> Data items:
=== Begin Enclosure ===
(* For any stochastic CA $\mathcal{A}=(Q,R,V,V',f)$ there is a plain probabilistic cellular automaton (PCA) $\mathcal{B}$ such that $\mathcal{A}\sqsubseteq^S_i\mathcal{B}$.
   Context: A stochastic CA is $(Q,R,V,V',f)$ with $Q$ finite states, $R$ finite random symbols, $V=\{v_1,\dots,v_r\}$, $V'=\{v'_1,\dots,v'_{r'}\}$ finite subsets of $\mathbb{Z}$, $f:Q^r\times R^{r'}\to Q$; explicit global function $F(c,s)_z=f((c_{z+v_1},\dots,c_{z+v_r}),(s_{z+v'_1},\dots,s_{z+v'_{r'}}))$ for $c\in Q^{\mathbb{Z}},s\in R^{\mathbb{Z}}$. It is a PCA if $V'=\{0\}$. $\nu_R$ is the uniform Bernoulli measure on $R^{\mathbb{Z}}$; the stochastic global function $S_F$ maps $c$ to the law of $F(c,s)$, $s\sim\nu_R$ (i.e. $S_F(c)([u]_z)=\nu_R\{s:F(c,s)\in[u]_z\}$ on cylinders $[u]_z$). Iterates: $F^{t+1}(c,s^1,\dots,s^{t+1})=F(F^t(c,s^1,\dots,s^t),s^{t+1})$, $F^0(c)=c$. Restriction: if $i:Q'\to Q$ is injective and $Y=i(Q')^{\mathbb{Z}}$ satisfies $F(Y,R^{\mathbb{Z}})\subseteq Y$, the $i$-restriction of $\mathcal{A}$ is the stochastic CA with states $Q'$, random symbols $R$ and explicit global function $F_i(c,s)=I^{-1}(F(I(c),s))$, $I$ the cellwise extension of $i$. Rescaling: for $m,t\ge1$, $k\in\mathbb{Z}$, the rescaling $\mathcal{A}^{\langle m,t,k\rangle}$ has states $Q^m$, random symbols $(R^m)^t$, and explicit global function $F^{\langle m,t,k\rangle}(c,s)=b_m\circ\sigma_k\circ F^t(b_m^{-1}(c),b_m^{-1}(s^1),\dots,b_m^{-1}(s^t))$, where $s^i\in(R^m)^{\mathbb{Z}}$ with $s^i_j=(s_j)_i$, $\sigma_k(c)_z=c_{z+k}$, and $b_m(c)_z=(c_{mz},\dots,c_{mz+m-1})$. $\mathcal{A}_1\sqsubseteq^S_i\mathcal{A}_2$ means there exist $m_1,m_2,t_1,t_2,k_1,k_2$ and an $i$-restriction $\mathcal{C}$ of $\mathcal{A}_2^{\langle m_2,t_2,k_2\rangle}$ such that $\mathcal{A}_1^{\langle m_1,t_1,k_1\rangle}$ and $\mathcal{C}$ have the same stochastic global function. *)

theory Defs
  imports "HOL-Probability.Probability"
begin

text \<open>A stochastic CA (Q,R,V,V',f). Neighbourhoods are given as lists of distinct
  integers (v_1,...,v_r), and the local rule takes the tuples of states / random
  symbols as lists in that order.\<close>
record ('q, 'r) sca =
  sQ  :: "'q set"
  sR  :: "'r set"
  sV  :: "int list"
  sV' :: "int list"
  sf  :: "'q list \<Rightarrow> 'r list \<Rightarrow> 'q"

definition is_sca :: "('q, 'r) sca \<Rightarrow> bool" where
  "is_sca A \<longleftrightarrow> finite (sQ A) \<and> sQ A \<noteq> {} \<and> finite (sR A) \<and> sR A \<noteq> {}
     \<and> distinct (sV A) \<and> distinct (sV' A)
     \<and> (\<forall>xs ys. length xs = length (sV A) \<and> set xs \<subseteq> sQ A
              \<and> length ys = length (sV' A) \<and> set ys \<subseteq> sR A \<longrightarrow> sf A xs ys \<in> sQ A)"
=== End Enclosure ===
=== Begin Enclosure ===
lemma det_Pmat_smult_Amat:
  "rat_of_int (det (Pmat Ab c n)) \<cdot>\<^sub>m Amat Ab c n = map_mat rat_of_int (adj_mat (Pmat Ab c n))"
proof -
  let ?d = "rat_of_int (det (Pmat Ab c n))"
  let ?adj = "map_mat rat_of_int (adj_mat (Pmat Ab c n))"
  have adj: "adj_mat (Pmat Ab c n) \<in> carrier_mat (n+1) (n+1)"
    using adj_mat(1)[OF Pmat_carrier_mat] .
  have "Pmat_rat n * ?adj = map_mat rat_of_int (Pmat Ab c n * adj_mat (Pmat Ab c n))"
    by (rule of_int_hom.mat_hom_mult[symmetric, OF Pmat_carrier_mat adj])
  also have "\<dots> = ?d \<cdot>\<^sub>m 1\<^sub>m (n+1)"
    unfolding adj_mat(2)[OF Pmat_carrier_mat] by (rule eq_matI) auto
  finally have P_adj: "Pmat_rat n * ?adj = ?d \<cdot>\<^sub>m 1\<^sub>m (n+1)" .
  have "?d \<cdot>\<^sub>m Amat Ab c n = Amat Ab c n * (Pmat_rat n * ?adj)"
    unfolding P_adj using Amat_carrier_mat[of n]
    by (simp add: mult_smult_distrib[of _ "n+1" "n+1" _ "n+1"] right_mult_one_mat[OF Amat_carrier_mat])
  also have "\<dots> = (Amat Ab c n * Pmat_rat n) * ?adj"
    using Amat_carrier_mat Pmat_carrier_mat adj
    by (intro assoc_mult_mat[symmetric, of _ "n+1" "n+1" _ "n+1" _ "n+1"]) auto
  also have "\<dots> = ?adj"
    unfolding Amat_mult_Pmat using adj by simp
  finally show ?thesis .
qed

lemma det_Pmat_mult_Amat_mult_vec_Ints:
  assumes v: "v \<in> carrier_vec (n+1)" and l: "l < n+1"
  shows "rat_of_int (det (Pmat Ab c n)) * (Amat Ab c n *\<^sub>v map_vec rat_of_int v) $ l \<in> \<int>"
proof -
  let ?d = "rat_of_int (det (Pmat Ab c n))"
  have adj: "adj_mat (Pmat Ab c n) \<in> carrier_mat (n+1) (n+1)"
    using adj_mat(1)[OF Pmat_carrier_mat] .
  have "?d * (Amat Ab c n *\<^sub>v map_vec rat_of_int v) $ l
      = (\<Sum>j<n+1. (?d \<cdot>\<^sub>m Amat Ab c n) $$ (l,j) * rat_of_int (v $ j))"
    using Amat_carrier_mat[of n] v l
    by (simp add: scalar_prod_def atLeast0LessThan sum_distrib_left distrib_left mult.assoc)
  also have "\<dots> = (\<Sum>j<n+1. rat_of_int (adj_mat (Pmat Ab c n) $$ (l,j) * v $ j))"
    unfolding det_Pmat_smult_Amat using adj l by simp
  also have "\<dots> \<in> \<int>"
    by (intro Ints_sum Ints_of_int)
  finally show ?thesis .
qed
=== End Enclosure ===
=== Begin Enclosure ===
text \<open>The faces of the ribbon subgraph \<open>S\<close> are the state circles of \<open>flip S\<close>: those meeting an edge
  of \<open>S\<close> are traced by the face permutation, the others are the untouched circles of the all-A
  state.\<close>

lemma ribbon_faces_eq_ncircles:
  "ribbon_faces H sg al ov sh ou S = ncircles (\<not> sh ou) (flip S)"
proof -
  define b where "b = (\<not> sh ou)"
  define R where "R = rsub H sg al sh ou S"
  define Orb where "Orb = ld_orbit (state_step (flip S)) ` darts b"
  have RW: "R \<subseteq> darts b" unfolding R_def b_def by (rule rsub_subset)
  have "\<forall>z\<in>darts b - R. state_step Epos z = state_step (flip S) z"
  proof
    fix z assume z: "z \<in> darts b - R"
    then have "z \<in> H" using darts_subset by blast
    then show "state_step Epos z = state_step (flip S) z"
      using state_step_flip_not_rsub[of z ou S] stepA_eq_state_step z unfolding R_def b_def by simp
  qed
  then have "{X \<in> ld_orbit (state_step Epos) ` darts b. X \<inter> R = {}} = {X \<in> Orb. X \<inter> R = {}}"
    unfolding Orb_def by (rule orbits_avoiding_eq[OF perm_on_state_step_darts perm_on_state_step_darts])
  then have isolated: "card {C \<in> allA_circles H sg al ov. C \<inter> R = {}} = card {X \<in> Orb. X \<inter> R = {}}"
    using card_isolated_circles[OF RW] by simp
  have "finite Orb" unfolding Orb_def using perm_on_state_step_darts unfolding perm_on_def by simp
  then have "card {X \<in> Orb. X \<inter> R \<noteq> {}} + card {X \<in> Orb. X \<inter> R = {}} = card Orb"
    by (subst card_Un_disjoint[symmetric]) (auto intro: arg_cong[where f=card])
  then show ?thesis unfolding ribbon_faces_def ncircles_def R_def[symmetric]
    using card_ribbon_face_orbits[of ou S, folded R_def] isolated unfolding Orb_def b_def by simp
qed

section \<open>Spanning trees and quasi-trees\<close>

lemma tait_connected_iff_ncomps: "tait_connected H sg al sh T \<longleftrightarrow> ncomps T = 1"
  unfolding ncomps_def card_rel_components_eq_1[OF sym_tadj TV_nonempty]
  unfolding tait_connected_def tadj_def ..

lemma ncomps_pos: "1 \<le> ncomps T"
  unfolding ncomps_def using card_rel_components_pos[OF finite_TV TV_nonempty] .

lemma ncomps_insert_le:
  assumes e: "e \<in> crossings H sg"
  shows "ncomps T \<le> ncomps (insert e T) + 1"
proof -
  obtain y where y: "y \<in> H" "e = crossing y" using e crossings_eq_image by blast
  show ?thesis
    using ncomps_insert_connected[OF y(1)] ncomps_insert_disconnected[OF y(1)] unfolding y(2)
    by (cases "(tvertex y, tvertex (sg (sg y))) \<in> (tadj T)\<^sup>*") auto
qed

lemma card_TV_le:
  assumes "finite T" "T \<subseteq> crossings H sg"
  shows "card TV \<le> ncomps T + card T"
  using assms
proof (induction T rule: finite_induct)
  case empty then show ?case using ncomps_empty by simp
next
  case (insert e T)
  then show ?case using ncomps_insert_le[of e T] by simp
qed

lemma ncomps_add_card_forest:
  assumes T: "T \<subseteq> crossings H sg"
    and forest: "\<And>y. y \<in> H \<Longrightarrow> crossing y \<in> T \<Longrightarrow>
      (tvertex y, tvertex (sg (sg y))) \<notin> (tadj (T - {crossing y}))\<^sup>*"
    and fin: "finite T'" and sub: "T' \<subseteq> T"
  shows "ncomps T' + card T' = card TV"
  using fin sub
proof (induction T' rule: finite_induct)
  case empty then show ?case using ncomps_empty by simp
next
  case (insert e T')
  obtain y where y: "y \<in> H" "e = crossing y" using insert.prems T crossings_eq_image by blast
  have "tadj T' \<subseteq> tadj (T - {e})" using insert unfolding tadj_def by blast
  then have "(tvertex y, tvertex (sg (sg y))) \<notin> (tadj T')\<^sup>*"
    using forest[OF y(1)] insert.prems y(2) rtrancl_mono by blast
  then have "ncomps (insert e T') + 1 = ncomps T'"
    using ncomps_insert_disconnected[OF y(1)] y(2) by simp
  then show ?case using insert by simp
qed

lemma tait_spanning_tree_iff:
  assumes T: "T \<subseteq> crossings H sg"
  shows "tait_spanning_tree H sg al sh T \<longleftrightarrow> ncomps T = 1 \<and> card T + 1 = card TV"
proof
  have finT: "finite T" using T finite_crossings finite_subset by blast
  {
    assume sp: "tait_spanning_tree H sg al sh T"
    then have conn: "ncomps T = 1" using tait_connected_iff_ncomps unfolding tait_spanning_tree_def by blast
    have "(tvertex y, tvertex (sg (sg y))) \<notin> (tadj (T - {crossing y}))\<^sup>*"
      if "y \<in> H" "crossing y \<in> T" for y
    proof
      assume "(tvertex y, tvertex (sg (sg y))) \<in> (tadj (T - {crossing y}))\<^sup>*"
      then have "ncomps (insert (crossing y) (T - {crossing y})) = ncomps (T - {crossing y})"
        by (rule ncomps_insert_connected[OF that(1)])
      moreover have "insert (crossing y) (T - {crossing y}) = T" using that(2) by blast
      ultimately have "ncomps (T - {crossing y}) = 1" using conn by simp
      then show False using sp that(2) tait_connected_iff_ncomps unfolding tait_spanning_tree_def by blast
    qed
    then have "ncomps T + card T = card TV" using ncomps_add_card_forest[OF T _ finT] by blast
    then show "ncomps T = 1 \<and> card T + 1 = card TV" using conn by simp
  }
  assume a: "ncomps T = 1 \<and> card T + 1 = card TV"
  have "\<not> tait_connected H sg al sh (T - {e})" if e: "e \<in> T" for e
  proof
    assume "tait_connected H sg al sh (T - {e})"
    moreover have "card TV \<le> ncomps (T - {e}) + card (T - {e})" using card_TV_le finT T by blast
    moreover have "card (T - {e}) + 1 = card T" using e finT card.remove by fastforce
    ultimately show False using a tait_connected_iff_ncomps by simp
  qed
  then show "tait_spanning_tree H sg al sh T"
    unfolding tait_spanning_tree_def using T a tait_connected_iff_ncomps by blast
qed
=== End Enclosure ===
> What you need to do:
The lines to show are those in the data above that include "lists".

> Result for this task:
text \<open>A stochastic CA (Q,R,V,V',f). Neighbourhoods are given as lists of distinct
  symbols as lists in that order.\<close>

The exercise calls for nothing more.